The summer of 2009 was the only time I’ve regretted becoming an academic. On June 26, 2009, the U.S. House of Representatives passed the Waxman-Markey bill, a comprehensive, national climate policy, and the first to pass either Houses of Congress after a decade of failed attempts. I would know: during the mid-2000s, I analyzed those previous bills for a major environmental non-profit.
What was unlikely only a few years earlier now seemed within reach. The climate policy world was abuzz: a stringent U.S. climate policy could finally turn the tide against dangerous climate change.
Unfortunately for me I was nowhere near the action. Instead, that summer I was recovering from my first year as a PhD student, which in economics is notoriously bruising. After a year of abstract math problems and without knowing yet how to apply my training, I was both excited by Waxman-Markey’s passage and regretful of my ill-timed departure to academia.
Of course, that moment of optimism was short-lived. The ensuing 12 months witnessed the dramatic collapse of U.S. climate policy, as summarized by the plot below showing the declining likelihood of passing U.S. climate policy after the summer of 2009.
Note: Daily likelihood of passing U.S. climate policy during 2009-2010, as captured by a prediction market at the time.
There are multiple common narratives for why the Waxman-Markey bill ultimately failed to become law. Some point to the unexpected death of Senator Ted Kennedy, whose replacement by Scott Brown broke the Democrat’s filibuster-proof Senate majority. Others fault President Obama’s strategic decision to prioritize passage of health care over climate policy during this period. Yet others note the rise of conservative populism, as embodied by the Tea Party.
Waxman-Markey’s failure continues to shape the contours of domestic and international climate policy debates today, nearly a decade later. For me, as an academic equipped with the training I received during that 2009-2010 period, Waxman-Markey has repeatedly become a focal point of my research. I have both studied its potential economic consequences and why it failed to be enacted.
In a paper published this week in Nature Climate Change titled the “The Social Cost of Lobbying over Climate Policy”, Ashwin Rode and I turn to one explanation that was widely discussed in the media, but with little supporting evidence: political lobbying around climate policy. At the time, Waxman-Markey was called “the sum of all lobbies,” with companies spending over $700 million on its lobbying, or roughly 14% of all lobbying spending between 2009 to 2010.
Our paper quantifies how lobbying influenced Waxman-Markey’s likelihood of being enacted. To do that, we had to overcome a number of technical hurdles which includes developing a new empirical method for forecasting the impact of the policy on company profits and extracting lobbying spending from U.S. Congressional lobbying records. We find that total lobbying by publicly-listed firms reduced the bill’s chances by 13 percentage points, representing $60 billion in expected climate damages.

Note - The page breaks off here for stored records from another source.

text \<open>
  In a frame with constant metric coefficients, metric compatibility says that each connection
  matrix Gamma_i is skew with respect to h, so omega_i = h^-1 Gamma_i is antisymmetric and
  r_i = p_i - 1/2 omega_i^BC u_B u_C.  The brackets involving q^i and u_A can be read off the
  local formula; {r_i, u_A} = - nabla_i u_A + h_BA j(u^B) r_i vanishes because
  j(u^B) r_i = omega_i^BC u_C and h omega_i = Gamma_i.  In {r_i, r_j} the derivatives of
  Gamma from nabla_j r_i - nabla_i r_j cancel those in the curvature term, and the quadratic
  terms add up to the 2-form with coefficient matrix 1/2 h^-1 (Gamma_j Gamma_i + Gamma_i Gamma_j),
  which is symmetric and hence gives the zero 2-form.
\<close>

section \<open>Coefficient calculus in the exterior algebra\<close>

lemma wedge_infinite: "infinite S \<Longrightarrow> (a \<and>\<^sub>e b) S = 0"
  by (simp add: wedge_def)

lemma wsign_empty_left [simp]: "wsign {} S = 1"
  by (simp add: wsign_def)

lemma wsign_empty_right [simp]: "wsign S {} = 1"
  by (simp add: wsign_def)

lemma escal_wedge: "finite S \<Longrightarrow> (escal c \<and>\<^sub>e b) S = c * b S"
proof -
  assume "finite S"
  have "(escal c \<and>\<^sub>e b) S = (\<Sum>T\<in>Pow S. if T = {} then c * b S else 0)"
    unfolding wedge_def escal_def by (rule sum.cong) auto
  with \<open>finite S\<close> show ?thesis by simp
qed

lemma wedge_escal: "finite S \<Longrightarrow> (a \<and>\<^sub>e escal c) S = c * a S"
proof -
  assume "finite S"
  have "(a \<and>\<^sub>e escal c) S = (\<Sum>T\<in>Pow S. if T = S then c * a S else 0)"
    unfolding wedge_def escal_def by (rule sum.cong) (auto simp: Diff_eq_empty_iff)
  with \<open>finite S\<close> show ?thesis by simp
qed

lemma escal_0: "escal 0 = (\<lambda>_. 0)"
  by (simp add: escal_def fun_eq_iff)

lemma wsign_singletons: "wsign {A} {C} = (if C < A then -1 else 1)"
proof -
  have "{(s, t). s \<in> {A} \<and> t \<in> {C} \<and> t < s} = (if C < A then {(A, C)} else {})"
    by auto
  then show ?thesis by (simp add: wsign_def)
qed

lemma ebasis_wedge_ebasis:
  "(ebasis B \<and>\<^sub>e ebasis C) S = (if B \<noteq> C \<and> S = {B, C} then (if B < C then 1 else -1) else 0)"
proof (cases "finite S")
  case True
  have split_off_B: "B \<in> S \<and> S - {B} = {C} \<longleftrightarrow> B \<noteq> C \<and> S = {B, C}"
    by blast
  have "(ebasis B \<and>\<^sub>e ebasis C) S = (\<Sum>T\<in>Pow S. if T = {B} then wsign {B} (S - {B}) * ebasis C (S - {B}) else 0)"
    unfolding wedge_def by (rule sum.cong) (auto simp: ebasis_def)
  also have "\<dots> = (if B \<in> S \<and> S - {B} = {C} then wsign {B} {C} else 0)"
    using True by (simp add: ebasis_def)
  also have "\<dots> = (if B \<noteq> C \<and> S = {B, C} then (if B < C then 1 else -1) else 0)"
    unfolding split_off_B wsign_singletons by (simp add: not_less_iff_gr_or_eq)
  finally show ?thesis .
qed (auto simp: wedge_infinite)

lemma ebasis_wedge_ebasis_swap: "(ebasis C \<and>\<^sub>e ebasis B) S = - (ebasis B \<and>\<^sub>e ebasis C) S"
  by (auto simp: ebasis_wedge_ebasis insert_commute)

lemma wedge_sum_left: "((\<lambda>T. \<Sum>x\<in>I. f x T) \<and>\<^sub>e b) S = (\<Sum>x\<in>I. (f x \<and>\<^sub>e b) S)"
  unfolding wedge_def by (simp add: sum_distrib_left sum_distrib_right sum.swap[of _ I] algebra_simps)

lemma wedge_sum_right: "(a \<and>\<^sub>e (\<lambda>T. \<Sum>x\<in>I. f x T)) S = (\<Sum>x\<in>I. (a \<and>\<^sub>e f x) S)"
  unfolding wedge_def by (simp add: sum_distrib_left sum_distrib_right sum.swap[of _ I] algebra_simps)

lemma wedge_scale_left: "((\<lambda>T. c * a T) \<and>\<^sub>e b) S = c * (a \<and>\<^sub>e b) S"
  unfolding wedge_def by (simp add: sum_distrib_left algebra_simps)

lemma wedge_scale_right: "(a \<and>\<^sub>e (\<lambda>T. c * b T)) S = c * (a \<and>\<^sub>e b) S"
  unfolding wedge_def by (simp add: sum_distrib_left algebra_simps)

lemma wedge_diff_right: "(a \<and>\<^sub>e (\<lambda>T. b T - b' T)) S = (a \<and>\<^sub>e b) S - (a \<and>\<^sub>e b') S"
  unfolding wedge_def by (simp add: sum_subtractf algebra_simps)

lemma wedge_uminus_right: "(a \<and>\<^sub>e (\<lambda>T. - b T)) S = - (a \<and>\<^sub>e b) S"
  unfolding wedge_def by (simp add: sum_negf)

lemma ebasis_wedge_escal: "(ebasis B \<and>\<^sub>e escal c) = (\<lambda>S. c * ebasis B S)"
proof
  fix S
  show "(ebasis B \<and>\<^sub>e escal c) S = c * ebasis B S"
    by (cases "finite S") (auto simp: wedge_escal wedge_infinite ebasis_def)
qed

lemma eint_escal: "eint A (escal c) = (\<lambda>_. 0)"
  by (auto simp: eint_def fun_eq_iff escal_def)

lemma ejnt_escal: "ejnt A (escal c) = (\<lambda>_. 0)"
  by (simp add: ejnt_def eint_escal)

lemma eint_ebasis: "eint A (ebasis B) = escal (if A = B then 1 else 0)"
  by (auto simp: eint_def fun_eq_iff escal_def ebasis_def)

lemma ejnt_ebasis: "ejnt A (ebasis B) = escal (if A = B then 1 else 0)"
  by (auto simp: ejnt_def eint_ebasis fun_eq_iff escal_def)

lemma eint_sum: "eint A (\<lambda>S. \<Sum>x\<in>I. f x S) = (\<lambda>S. \<Sum>x\<in>I. eint A (f x) S)"
  by (auto simp: eint_def fun_eq_iff sum_distrib_left)

lemma eint_scale: "eint A (\<lambda>S. c * a S) = (\<lambda>S. c * eint A a S)"
  by (auto simp: eint_def fun_eq_iff)

lemma eint_diff: "eint A (\<lambda>S. a S - b S) = (\<lambda>S. eint A a S - eint A b S)"
  by (auto simp: eint_def fun_eq_iff algebra_simps)

lemma ejnt_diff_scale: "ejnt A (\<lambda>S. a S - c * b S) = (\<lambda>S. ejnt A a S - c * ejnt A b S)"
  by (simp add: ejnt_def eint_diff eint_scale fun_eq_iff algebra_simps)

lemma insert_eq_iff_Diff: "A \<notin> S \<Longrightarrow> insert A S = T \<longleftrightarrow> A \<in> T \<and> S = T - {A}"
  by blast

lemma eint_ebasis_wedge_ebasis:
  "eint A (ebasis B \<and>\<^sub>e ebasis C) S = (if A = B then ebasis C S else 0) - (if A = C then ebasis B S else 0)"
proof (cases "A \<in> S")
  case True
  then show ?thesis by (auto simp: eint_def ebasis_def)
next
  case False
  consider "B = C" | "A = B" "B \<noteq> C" | "A = C" "B \<noteq> C" | "A \<noteq> B" "A \<noteq> C"
    by blast
  then show ?thesis
  proof cases
    case 1
    then show ?thesis by (simp add: eint_def ebasis_wedge_ebasis)
  next
    case 2
    then show ?thesis using False
      unfolding eint_def ebasis_wedge_ebasis by (simp add: insert_eq_iff_Diff ebasis_def wsign_singletons)
  next
    case 3
    then have "{B, C} - {C} = {B}"
      by auto
    with 3 False show ?thesis
      unfolding eint_def ebasis_wedge_ebasis by (simp add: insert_eq_iff_Diff ebasis_def wsign_singletons)
  next
    case 4
    then show ?thesis using False
      unfolding eint_def ebasis_wedge_ebasis by (simp add: insert_eq_iff_Diff ebasis_def)
  qed
qed

section \<open>Forms with matrix coefficients\<close>

lemma index_mult_mat_sum:
  "M \<in> carrier_mat K L \<Longrightarrow> N \<in> carrier_mat L J \<Longrightarrow> A < K \<Longrightarrow> C < J \<Longrightarrow>
    (M * N) $$ (A, C) = (\<Sum>B<L. M $$ (A, B) * N $$ (B, C))"
  by (simp add: scalar_prod_def atLeast0LessThan)

lemma sum_rotate3:
  "(\<Sum>a\<in>A. \<Sum>b\<in>B. \<Sum>c\<in>C. f a b c) = (\<Sum>b\<in>B. \<Sum>c\<in>C. \<Sum>a\<in>A. f a b c)"
  by (subst sum.swap) (rule sum.cong[OF refl], rule sum.swap)

definition form1 :: "real vec \<Rightarrow> ext" where
  "form1 v = (\<lambda>S. \<Sum>B<dim_vec v. v $ B * ebasis B S)"

definition form2 :: "real mat \<Rightarrow> ext" where
  "form2 M = (\<lambda>S. \<Sum>B<dim_row M. \<Sum>C<dim_col M. M $$ (B, C) * (ebasis B \<and>\<^sub>e ebasis C) S)"

lemma form1_singleton: "C < dim_vec v \<Longrightarrow> form1 v {C} = v $ C"
  by (simp add: form1_def ebasis_def if_distrib[of "\<lambda>x. _ * x"] cong: if_cong)

lemma form1_eq_0: "(\<And>B. S \<noteq> {B}) \<Longrightarrow> form1 v S = 0"
  by (simp add: form1_def ebasis_def)

lemma eint_form1: "A < dim_vec v \<Longrightarrow> eint A (form1 v) = escal (v $ A)"
  unfolding form1_def eint_sum eint_scale eint_ebasis
  by (auto simp: fun_eq_iff escal_def if_distrib[of "\<lambda>x. _ * x"] cong: if_cong)

lemma eint_form2:
  assumes M: "M \<in> carrier_mat K K" and A: "A < K"
  shows "eint A (form2 M) = form1 (row M A - col M A)"
proof
  fix S
  have "eint A (form2 M) S = (\<Sum>B<K. \<Sum>C<K. if A = B then M $$ (B, C) * ebasis C S else 0)
      - (\<Sum>B<K. \<Sum>C<K. if A = C then M $$ (B, C) * ebasis B S else 0)"
    using M unfolding form2_def eint_sum eint_scale
    by (simp add: eint_ebasis_wedge_ebasis right_diff_distrib sum_subtractf
        if_distrib[of "\<lambda>x. _ * x"] cong: if_cong)
  also have "\<dots> = (\<Sum>C<K. M $$ (A, C) * ebasis C S) - (\<Sum>B<K. M $$ (B, A) * ebasis B S)"
  proof -
    have "(\<Sum>C<K. if P then f C else 0) = (if P then \<Sum>C<K. f C else 0)" for P and f :: "nat \<Rightarrow> real"
      by simp
    with A show ?thesis
      by simp
  qed
  also have "\<dots> = form1 (row M A - col M A) S"
    using M A by (simp add: form1_def sum_subtractf left_diff_distrib)
  finally show "eint A (form2 M) S = form1 (row M A - col M A) S" .
qed

lemma ejnt_form2:
  assumes "M \<in> carrier_mat K K" "A < K"
  shows "ejnt A (form2 M) = (\<lambda>S. - form1 (row M A - col M A) S)"
proof -
  have "(-1) ^ card S * form1 v S = - form1 v S" for S and v :: "real vec"
    by (cases "\<exists>B. S = {B}") (auto simp: form1_eq_0)
  then show ?thesis
    by (simp add: ejnt_def eint_form2[OF assms])
qed

lemma form1_row_minus_col:
  assumes "M \<in> carrier_mat K K" "transpose_mat M = - M" "A < K"
  shows "form1 (row M A - col M A) = (\<lambda>S. 2 * form1 (row M A) S)"
proof -
  have "M $$ (C, A) = - M $$ (A, C)" if "C < K" for C
    using arg_cong[OF assms(2), of "\<lambda>X. X $$ (A, C)"] assms(1,3) that by simp
  with assms show ?thesis
    by (simp add: form1_def fun_eq_iff sum_distrib_left mult.assoc)
qed

lemma form2_transpose:
  assumes "M \<in> carrier_mat K K"
  shows "form2 (transpose_mat M) S = - form2 M S"
proof -
  have "form2 (transpose_mat M) S = (\<Sum>C<K. \<Sum>B<K. M $$ (B, C) * (ebasis C \<and>\<^sub>e ebasis B) S)"
    using assms by (simp add: form2_def)
  also have "\<dots> = (\<Sum>C<K. \<Sum>B<K. - (M $$ (B, C) * (ebasis B \<and>\<^sub>e ebasis C) S))"
    by (intro sum.cong refl) (subst ebasis_wedge_ebasis_swap, simp)
  also have "\<dots> = - form2 M S"
    using assms by (subst sum.swap) (simp add: form2_def sum_negf)
  finally show ?thesis .
qed

lemma form2_add:
  "dim_row N = dim_row M \<Longrightarrow> dim_col N = dim_col M \<Longrightarrow> form2 (M + N) S = form2 M S + form2 N S"
  by (simp add: form2_def distrib_right sum.distrib)

lemma form2_diff:
  "dim_row N = dim_row M \<Longrightarrow> dim_col N = dim_col M \<Longrightarrow> form2 (M - N) S = form2 M S - form2 N S"
  by (simp add: form2_def left_diff_distrib sum_subtractf)

lemma form2_uminus: "form2 (- M) S = - form2 M S"
  by (simp add: form2_def sum_negf)

lemma wedge_form1_form1:
  "(form1 v \<and>\<^sub>e form1 w) S = (\<Sum>B<dim_vec v. \<Sum>C<dim_vec w. v $ B * w $ C * (ebasis B \<and>\<^sub>e ebasis C) S)"
  unfolding form1_def wedge_sum_left wedge_scale_left wedge_sum_right wedge_scale_right
  by (simp add: sum_distrib_left mult.assoc)

lemma ebasis_wedge_form1: "(ebasis B \<and>\<^sub>e form1 v) S = (\<Sum>C<dim_vec v. v $ C * (ebasis B \<and>\<^sub>e ebasis C) S)"
  unfolding form1_def wedge_sum_right wedge_scale_right ..

lemma form2_transpose_mult:
  assumes X: "X \<in> carrier_mat K K" and Y: "Y \<in> carrier_mat K K"
  shows "form2 (transpose_mat X * Y) S
    = (\<Sum>A<K. \<Sum>B<K. \<Sum>C<K. X $$ (A, B) * Y $$ (A, C) * (ebasis B \<and>\<^sub>e ebasis C) S)"
proof -
  have entry: "(transpose_mat X * Y) $$ (B, C) = (\<Sum>A<K. X $$ (A, B) * Y $$ (A, C))"
    if "B < K" "C < K" for B C
    using X Y that by (subst index_mult_mat_sum[where L = K]) auto
  have "form2 (transpose_mat X * Y) S
      = (\<Sum>B<K. \<Sum>C<K. \<Sum>A<K. X $$ (A, B) * Y $$ (A, C) * (ebasis B \<and>\<^sub>e ebasis C) S)"
    using X Y unfolding form2_def
    by (simp add: sum_distrib_right entry del: index_mult_mat(1))
  also have "\<dots> = (\<Sum>A<K. \<Sum>B<K. \<Sum>C<K. X $$ (A, B) * Y $$ (A, C) * (ebasis B \<and>\<^sub>e ebasis C) S)"
    by (rule sum_rotate3[symmetric])
  finally show ?thesis .
qed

My students often ask how, after over a decade of working on climate policy, I remain hopeful about climate change. My answer is that I find optimism in research. Our Nature Climate Change paper provides an example. In a series of simulations, we show that the same lobbying forces that lowered Waxman-Markey’s chances could be leveraged towards designing more “politically-robust” climate policies.
This belief that rigorous research offers new solutions to climate change is why, since that summer of 2009, I have not regretted becoming an academic. While I sometimes still bemoan just how close the U.S. was to enacting climate policy ten years ago, I also recognize the important lessons for future climate policy from that failed experience.